ABOUT THIS EXERCISE: Take each line of the listing that has the string "then" and report it.
★ ★ ★
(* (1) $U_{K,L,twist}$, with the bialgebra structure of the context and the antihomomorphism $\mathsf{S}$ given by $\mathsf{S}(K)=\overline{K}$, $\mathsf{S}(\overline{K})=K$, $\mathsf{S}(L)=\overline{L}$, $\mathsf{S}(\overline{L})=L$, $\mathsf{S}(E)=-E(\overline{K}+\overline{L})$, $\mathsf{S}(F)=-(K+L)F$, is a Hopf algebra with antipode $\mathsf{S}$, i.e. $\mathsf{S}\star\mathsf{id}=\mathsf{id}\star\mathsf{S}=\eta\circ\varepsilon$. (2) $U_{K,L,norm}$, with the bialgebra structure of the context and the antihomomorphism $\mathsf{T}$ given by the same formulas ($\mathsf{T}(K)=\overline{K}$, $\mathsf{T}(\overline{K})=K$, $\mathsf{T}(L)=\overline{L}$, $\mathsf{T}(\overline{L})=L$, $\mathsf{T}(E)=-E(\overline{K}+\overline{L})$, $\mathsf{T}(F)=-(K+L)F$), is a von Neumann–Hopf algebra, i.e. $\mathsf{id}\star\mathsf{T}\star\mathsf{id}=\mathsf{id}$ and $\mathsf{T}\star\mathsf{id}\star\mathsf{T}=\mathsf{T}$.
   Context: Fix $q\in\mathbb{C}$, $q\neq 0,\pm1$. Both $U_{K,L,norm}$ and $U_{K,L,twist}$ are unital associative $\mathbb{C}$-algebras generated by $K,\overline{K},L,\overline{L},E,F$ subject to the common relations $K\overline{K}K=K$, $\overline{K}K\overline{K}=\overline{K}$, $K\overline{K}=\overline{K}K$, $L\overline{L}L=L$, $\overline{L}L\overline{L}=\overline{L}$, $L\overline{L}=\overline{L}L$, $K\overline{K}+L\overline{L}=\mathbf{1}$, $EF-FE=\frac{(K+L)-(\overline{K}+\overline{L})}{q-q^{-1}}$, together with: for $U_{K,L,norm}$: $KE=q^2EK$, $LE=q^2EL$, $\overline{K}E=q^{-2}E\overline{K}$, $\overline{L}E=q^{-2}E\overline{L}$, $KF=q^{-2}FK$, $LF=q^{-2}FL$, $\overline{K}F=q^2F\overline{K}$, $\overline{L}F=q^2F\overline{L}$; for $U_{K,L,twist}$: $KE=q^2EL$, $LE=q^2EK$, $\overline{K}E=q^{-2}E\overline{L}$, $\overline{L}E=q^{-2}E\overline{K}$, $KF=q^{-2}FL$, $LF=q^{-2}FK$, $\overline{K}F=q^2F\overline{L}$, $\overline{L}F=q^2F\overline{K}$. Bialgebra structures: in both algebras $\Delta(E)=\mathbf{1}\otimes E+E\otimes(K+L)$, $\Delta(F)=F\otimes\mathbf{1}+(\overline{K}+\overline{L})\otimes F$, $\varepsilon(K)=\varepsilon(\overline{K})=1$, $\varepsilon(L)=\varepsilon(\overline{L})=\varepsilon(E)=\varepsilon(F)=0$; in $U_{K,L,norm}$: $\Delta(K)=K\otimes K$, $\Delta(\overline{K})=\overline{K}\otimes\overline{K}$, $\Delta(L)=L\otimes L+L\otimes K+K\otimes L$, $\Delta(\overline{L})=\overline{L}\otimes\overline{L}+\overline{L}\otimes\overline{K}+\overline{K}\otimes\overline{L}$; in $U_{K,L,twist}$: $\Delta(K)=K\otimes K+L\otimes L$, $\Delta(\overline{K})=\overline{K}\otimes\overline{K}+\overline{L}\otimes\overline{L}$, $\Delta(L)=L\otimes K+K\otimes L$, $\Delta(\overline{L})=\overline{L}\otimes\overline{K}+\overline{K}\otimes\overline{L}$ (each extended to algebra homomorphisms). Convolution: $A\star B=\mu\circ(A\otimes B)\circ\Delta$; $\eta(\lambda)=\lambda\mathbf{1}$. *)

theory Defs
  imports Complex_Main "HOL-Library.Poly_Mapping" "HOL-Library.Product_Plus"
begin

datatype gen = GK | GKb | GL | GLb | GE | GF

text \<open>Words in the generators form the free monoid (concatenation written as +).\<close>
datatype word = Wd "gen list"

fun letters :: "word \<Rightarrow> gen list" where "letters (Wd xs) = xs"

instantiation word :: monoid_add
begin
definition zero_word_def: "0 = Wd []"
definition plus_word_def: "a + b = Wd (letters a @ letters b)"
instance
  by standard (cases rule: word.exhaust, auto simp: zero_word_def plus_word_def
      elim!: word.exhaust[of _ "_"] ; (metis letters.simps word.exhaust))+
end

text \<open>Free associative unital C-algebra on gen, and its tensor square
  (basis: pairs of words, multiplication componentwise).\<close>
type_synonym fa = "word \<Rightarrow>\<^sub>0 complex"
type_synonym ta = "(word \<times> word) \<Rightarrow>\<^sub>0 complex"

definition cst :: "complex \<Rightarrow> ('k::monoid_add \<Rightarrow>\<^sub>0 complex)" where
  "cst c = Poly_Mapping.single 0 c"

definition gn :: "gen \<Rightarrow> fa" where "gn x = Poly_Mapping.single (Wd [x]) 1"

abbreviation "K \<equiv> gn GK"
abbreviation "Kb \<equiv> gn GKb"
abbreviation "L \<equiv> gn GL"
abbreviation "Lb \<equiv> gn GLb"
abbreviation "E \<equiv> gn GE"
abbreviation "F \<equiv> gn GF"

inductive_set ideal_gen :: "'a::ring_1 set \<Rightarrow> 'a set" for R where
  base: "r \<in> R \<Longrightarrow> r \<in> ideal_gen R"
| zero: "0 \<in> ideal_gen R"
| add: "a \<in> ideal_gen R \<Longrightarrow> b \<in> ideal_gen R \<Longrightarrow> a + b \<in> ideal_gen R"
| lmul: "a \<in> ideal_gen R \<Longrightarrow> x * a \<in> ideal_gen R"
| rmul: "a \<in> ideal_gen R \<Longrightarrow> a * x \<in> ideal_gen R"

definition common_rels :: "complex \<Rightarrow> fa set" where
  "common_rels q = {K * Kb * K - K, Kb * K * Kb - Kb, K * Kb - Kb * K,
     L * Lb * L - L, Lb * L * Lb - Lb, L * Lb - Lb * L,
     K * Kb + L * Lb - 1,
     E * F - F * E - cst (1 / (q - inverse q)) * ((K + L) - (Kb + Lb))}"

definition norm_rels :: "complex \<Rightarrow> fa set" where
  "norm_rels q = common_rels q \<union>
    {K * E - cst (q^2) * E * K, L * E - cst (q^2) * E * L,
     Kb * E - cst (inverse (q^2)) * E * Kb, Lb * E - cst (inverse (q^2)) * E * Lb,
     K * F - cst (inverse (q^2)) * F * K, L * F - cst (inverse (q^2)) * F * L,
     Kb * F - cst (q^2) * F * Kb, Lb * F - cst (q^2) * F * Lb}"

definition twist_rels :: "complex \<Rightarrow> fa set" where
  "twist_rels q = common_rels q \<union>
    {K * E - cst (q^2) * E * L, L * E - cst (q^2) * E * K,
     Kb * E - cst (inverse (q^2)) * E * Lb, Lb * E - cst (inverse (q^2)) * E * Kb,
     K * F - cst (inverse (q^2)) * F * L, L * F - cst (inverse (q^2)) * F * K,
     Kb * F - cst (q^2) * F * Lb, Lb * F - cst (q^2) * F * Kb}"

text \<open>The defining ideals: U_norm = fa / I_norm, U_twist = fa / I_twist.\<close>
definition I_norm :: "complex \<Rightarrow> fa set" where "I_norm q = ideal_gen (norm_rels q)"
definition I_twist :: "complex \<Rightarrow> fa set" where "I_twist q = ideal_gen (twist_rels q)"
★ ★ ★
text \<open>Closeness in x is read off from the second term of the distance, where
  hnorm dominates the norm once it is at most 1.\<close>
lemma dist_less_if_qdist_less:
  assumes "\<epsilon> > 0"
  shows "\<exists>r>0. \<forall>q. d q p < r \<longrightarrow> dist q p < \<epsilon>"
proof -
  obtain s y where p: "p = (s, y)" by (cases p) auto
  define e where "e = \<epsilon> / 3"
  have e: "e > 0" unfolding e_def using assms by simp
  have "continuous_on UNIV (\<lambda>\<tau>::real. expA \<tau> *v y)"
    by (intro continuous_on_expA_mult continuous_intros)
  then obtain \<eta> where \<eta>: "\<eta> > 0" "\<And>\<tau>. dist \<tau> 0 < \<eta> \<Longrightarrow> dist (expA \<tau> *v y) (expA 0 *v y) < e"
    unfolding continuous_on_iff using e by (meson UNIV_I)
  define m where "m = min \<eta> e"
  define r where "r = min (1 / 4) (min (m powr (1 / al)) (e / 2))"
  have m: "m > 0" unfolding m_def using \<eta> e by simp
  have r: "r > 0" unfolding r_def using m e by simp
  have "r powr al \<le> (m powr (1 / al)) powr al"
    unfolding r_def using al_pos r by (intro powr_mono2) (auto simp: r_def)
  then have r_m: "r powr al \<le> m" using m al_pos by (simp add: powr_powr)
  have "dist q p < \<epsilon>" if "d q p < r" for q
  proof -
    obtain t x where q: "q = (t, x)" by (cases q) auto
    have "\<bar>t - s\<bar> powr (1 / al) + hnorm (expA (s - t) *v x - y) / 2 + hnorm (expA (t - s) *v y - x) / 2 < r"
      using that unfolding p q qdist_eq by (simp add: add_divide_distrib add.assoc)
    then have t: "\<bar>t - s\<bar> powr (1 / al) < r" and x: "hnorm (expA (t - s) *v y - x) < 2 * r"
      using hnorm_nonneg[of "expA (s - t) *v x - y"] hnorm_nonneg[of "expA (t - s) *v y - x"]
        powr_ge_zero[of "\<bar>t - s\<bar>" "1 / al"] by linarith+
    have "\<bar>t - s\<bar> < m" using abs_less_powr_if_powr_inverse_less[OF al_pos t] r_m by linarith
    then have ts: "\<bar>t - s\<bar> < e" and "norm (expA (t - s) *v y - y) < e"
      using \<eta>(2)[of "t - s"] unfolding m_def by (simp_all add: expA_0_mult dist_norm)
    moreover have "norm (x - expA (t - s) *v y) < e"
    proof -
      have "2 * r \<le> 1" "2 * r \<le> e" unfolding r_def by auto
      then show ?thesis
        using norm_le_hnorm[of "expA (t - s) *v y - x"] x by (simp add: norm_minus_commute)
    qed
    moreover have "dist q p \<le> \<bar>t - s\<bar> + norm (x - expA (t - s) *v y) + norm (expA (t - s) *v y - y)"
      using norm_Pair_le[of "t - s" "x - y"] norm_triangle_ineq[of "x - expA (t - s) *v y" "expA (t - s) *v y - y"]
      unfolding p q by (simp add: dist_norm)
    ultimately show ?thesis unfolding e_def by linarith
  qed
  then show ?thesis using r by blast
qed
★ ★ ★
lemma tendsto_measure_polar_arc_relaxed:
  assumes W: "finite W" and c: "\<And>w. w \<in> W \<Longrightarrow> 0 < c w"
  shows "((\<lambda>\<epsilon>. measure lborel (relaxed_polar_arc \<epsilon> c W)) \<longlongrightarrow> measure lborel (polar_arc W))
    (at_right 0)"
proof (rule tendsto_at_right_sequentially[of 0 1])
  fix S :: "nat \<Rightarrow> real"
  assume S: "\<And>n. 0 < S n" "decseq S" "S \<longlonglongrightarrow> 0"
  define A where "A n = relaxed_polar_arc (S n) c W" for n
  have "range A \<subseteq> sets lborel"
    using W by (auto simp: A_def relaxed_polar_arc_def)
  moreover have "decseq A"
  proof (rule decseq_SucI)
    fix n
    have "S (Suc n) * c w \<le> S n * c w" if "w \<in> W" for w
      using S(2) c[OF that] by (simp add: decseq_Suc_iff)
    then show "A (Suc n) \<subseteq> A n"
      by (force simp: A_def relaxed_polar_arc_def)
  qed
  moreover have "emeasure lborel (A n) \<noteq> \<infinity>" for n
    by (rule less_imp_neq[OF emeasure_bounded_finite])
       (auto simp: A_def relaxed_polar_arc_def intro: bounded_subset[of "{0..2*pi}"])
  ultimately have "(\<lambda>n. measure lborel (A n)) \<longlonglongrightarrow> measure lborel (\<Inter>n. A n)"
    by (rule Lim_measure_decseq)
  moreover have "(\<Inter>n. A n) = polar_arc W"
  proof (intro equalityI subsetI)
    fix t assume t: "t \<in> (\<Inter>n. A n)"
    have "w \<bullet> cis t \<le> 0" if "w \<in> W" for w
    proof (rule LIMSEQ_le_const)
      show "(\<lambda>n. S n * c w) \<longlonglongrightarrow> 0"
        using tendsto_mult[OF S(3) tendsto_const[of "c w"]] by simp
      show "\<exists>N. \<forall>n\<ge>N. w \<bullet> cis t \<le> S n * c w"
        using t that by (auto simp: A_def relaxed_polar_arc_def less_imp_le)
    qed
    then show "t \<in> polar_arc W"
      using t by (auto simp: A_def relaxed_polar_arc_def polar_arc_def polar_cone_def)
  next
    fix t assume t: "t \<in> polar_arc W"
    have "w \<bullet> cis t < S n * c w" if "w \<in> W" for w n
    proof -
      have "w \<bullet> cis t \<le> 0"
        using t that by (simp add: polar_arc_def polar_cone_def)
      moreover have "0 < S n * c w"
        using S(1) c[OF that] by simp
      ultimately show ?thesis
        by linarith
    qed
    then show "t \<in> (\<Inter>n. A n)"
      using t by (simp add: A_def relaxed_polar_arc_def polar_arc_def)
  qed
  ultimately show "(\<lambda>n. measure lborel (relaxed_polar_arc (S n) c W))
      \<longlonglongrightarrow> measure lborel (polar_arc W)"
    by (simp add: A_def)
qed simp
★ ★ ★
EXERCISE SOLUTION:
  then obtain \<eta> where \<eta>: "\<eta> > 0" "\<And>\<tau>. dist \<tau> 0 < \<eta> \<Longrightarrow> dist (expA \<tau> *v y) (expA 0 *v y) < e"
  then have r_m: "r powr al \<le> m" using m al_pos by (simp add: powr_powr)
    then have t: "\<bar>t - s\<bar> powr (1 / al) < r" and x: "hnorm (expA (t - s) *v y - x) < 2 * r"
    then have ts: "\<bar>t - s\<bar> < e" and "norm (expA (t - s) *v y - y) < e"
      then show ?thesis
  then show ?thesis using r by blast
    then show "A (Suc n) \<subseteq> A n"
    then show "t \<in> polar_arc W"
    then show "t \<in> (\<Inter>n. A n)"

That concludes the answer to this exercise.